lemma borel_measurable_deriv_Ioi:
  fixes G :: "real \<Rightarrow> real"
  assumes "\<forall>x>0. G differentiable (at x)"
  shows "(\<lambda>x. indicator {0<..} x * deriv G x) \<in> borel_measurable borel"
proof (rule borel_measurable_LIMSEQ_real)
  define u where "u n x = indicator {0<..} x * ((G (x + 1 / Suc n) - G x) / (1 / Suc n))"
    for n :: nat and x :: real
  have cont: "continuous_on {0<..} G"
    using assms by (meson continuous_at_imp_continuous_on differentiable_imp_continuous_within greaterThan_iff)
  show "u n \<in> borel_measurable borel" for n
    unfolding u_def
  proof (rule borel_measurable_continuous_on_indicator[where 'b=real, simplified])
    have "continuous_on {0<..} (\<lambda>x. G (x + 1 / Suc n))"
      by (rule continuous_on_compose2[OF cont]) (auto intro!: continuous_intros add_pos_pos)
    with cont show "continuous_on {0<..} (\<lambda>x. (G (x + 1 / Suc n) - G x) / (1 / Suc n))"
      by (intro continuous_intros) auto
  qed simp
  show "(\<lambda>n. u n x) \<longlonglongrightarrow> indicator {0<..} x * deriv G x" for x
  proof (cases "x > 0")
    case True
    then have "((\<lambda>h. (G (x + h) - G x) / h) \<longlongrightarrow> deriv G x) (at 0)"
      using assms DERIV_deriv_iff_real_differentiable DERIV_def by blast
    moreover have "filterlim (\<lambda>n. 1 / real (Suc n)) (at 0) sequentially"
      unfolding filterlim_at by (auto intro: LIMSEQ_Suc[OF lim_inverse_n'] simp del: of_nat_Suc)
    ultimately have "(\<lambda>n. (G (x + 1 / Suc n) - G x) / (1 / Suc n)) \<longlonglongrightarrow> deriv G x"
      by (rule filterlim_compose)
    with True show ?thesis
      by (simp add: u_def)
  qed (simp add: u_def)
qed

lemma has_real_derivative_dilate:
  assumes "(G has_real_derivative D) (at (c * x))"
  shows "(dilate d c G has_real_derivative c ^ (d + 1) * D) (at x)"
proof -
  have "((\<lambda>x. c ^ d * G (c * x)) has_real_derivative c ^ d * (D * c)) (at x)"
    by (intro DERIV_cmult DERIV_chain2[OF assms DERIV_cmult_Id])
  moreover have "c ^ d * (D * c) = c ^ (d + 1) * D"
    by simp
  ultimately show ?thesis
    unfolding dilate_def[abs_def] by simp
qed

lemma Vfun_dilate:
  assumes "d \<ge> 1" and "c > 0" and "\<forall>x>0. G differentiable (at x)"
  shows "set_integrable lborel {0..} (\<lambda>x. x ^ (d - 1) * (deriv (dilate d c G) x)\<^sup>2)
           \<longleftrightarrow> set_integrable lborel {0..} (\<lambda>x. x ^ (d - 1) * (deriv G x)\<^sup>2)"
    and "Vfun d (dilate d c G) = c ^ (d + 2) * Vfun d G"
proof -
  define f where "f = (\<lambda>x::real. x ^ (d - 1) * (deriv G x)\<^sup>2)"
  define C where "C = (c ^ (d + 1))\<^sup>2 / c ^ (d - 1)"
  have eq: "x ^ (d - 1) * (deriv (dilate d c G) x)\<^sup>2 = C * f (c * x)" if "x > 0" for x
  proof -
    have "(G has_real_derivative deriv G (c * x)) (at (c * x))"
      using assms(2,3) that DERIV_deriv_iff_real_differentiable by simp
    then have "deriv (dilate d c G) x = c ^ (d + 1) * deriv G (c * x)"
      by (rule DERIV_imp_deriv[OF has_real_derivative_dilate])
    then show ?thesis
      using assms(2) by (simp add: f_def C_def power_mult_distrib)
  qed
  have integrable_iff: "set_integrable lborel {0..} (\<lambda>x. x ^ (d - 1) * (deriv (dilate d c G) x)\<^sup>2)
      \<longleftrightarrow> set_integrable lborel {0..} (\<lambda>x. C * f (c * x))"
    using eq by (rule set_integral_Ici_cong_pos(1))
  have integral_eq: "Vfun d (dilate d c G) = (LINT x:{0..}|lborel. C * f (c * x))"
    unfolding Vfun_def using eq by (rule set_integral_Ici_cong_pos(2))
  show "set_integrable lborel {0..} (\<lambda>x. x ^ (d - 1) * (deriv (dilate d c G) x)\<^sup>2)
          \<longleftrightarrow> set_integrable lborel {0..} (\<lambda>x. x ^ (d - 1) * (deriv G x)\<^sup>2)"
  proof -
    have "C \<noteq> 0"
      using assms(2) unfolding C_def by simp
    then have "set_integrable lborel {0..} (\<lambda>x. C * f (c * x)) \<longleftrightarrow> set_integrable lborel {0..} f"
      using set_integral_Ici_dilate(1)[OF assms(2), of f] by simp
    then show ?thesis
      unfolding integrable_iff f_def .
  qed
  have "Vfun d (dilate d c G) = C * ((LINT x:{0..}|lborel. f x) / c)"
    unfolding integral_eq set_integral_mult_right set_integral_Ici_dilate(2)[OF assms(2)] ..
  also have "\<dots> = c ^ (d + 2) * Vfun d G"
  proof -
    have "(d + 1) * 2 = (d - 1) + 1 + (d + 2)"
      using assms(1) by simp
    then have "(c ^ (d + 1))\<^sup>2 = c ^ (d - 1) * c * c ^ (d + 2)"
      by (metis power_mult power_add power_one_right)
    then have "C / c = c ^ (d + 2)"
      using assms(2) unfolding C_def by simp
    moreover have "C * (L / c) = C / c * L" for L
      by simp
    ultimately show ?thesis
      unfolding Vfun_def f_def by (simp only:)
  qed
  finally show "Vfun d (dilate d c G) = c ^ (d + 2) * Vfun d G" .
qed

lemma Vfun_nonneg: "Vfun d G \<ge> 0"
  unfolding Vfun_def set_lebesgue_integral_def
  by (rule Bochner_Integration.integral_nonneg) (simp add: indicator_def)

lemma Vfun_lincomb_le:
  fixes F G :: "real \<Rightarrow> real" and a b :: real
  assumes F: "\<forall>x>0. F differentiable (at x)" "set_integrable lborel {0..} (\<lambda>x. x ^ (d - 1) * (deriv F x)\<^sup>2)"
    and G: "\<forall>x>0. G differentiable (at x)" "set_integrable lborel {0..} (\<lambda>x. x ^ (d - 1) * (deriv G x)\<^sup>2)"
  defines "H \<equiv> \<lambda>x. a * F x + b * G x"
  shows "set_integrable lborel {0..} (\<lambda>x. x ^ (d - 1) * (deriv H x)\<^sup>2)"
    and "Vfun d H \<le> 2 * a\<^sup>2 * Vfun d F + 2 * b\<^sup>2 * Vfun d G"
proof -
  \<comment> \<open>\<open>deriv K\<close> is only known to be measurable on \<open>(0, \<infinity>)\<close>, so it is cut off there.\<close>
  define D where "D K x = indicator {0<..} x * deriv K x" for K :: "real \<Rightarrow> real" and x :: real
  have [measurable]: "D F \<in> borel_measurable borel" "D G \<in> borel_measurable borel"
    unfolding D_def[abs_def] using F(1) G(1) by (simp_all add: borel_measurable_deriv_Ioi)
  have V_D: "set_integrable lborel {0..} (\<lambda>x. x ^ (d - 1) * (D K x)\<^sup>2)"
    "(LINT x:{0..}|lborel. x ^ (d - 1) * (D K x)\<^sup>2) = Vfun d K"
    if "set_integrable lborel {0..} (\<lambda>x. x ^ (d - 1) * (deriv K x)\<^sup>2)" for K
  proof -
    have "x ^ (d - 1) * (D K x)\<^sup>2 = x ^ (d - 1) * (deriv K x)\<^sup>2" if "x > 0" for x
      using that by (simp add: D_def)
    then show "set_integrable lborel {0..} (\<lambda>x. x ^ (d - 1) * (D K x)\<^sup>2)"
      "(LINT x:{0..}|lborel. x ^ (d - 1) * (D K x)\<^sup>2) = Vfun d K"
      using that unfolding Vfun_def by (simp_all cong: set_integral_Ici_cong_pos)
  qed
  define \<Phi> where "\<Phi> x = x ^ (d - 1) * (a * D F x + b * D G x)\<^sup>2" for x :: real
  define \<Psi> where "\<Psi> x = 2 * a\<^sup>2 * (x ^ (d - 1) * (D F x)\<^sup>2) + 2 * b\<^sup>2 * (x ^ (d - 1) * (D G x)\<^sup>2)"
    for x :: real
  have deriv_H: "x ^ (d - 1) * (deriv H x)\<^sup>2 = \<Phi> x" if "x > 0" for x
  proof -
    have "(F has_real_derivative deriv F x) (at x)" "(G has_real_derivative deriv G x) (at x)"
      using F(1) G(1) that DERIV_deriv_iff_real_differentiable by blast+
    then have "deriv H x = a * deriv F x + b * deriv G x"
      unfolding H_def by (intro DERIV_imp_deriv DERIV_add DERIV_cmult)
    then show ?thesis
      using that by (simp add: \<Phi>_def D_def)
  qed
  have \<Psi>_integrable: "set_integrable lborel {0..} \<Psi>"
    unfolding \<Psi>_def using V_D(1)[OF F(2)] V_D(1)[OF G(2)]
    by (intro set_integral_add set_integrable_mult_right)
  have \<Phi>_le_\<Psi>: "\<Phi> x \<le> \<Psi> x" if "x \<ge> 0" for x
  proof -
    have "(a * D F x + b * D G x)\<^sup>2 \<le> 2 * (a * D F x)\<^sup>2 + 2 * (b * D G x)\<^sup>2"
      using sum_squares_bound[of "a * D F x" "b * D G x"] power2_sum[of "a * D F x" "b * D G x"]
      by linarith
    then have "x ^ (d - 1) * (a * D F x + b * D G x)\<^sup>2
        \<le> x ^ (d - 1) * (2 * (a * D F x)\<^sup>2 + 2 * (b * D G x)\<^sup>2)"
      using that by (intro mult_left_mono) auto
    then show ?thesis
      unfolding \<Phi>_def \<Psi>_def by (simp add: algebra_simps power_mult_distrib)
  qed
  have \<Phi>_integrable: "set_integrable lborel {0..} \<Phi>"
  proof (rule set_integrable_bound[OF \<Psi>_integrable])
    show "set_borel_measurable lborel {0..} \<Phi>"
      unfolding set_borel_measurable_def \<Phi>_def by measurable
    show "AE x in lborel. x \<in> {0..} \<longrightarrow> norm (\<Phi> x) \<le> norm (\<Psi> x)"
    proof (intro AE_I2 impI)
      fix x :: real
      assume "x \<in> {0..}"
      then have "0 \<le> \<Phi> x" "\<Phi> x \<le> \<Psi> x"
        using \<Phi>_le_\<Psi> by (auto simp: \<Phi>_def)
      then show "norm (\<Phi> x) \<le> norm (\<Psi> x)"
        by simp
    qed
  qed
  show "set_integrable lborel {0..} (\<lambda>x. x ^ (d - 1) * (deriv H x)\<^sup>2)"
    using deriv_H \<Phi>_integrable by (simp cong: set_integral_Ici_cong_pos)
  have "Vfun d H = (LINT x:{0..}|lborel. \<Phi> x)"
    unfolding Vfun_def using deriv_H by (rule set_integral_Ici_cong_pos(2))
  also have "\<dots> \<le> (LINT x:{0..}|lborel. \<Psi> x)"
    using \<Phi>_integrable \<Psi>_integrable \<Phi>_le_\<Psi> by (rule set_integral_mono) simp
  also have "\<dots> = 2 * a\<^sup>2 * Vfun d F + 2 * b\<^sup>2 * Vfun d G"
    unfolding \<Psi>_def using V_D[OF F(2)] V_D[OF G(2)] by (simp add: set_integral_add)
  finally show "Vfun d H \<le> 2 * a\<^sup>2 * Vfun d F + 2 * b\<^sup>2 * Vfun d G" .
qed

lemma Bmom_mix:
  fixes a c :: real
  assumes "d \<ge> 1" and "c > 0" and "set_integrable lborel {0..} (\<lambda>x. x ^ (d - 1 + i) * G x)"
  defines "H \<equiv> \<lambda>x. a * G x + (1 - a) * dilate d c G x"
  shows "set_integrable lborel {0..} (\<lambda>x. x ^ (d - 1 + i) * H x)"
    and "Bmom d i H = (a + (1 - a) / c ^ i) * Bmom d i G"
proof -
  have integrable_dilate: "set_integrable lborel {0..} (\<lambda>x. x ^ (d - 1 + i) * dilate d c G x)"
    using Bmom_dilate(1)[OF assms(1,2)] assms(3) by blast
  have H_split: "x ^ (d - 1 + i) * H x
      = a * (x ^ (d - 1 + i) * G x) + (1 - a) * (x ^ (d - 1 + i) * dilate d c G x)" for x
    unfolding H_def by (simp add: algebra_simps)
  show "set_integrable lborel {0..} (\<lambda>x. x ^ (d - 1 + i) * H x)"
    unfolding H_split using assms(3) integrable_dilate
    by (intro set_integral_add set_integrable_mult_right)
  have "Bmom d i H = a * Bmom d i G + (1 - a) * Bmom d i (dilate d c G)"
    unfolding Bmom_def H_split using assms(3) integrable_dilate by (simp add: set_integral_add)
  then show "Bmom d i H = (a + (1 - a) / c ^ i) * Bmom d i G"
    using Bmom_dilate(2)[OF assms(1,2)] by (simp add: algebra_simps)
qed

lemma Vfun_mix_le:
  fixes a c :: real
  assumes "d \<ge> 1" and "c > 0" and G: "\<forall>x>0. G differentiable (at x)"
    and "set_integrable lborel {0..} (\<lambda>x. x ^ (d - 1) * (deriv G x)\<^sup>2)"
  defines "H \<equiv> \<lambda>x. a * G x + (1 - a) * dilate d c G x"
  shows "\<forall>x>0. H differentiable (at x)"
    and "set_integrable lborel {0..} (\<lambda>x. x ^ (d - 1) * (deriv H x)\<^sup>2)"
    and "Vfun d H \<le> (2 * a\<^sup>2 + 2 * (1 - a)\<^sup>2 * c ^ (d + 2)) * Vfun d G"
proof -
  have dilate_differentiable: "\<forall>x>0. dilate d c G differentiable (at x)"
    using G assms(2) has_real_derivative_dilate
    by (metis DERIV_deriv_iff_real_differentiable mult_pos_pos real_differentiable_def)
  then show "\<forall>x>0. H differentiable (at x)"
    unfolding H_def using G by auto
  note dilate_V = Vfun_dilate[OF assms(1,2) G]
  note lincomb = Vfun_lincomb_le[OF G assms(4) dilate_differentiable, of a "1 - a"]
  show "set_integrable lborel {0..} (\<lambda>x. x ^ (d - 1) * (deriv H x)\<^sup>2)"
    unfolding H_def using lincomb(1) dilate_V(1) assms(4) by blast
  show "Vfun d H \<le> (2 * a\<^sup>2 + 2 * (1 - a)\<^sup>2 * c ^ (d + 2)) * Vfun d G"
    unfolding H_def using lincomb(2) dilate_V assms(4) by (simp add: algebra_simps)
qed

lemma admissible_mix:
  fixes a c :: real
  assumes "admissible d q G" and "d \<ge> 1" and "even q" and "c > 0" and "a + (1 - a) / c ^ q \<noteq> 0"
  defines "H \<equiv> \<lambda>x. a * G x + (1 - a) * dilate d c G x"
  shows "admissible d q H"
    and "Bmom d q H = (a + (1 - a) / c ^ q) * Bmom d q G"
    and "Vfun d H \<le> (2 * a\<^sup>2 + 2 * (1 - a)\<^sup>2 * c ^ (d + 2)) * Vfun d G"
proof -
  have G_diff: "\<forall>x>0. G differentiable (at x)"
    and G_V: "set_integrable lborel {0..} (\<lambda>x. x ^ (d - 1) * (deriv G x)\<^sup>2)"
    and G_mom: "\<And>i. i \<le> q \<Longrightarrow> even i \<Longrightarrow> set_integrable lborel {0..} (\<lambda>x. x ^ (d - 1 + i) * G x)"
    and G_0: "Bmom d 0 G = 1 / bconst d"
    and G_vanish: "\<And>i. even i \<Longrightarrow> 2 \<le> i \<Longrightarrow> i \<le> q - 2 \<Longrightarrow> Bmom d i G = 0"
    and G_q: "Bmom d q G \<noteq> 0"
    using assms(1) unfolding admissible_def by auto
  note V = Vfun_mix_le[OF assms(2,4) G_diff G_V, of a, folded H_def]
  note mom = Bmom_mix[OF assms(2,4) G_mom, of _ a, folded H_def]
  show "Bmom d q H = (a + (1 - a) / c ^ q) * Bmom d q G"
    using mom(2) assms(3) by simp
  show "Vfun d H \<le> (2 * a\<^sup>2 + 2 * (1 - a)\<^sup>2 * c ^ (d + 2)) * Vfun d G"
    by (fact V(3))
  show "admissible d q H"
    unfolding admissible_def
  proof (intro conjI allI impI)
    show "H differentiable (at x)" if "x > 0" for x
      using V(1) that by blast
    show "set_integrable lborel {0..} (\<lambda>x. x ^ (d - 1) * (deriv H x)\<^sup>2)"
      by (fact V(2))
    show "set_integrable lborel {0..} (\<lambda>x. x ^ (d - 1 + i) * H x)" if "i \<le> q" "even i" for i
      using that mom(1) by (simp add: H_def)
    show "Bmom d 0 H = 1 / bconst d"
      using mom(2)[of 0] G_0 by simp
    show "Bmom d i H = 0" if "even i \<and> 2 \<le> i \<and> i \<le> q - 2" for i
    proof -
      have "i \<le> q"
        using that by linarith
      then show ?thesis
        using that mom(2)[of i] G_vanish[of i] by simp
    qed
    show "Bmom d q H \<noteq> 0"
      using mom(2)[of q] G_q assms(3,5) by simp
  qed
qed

* _Try it_
Note down each line above where the word "noteq" occurs.

* _Output of the exercise_
    have "C \<noteq> 0"
  assumes "admissible d q G" and "d \<ge> 1" and "even q" and "c > 0" and "a + (1 - a) / c ^ q \<noteq> 0"
    and G_q: "Bmom d q G \<noteq> 0"
    show "Bmom d q H \<noteq> 0"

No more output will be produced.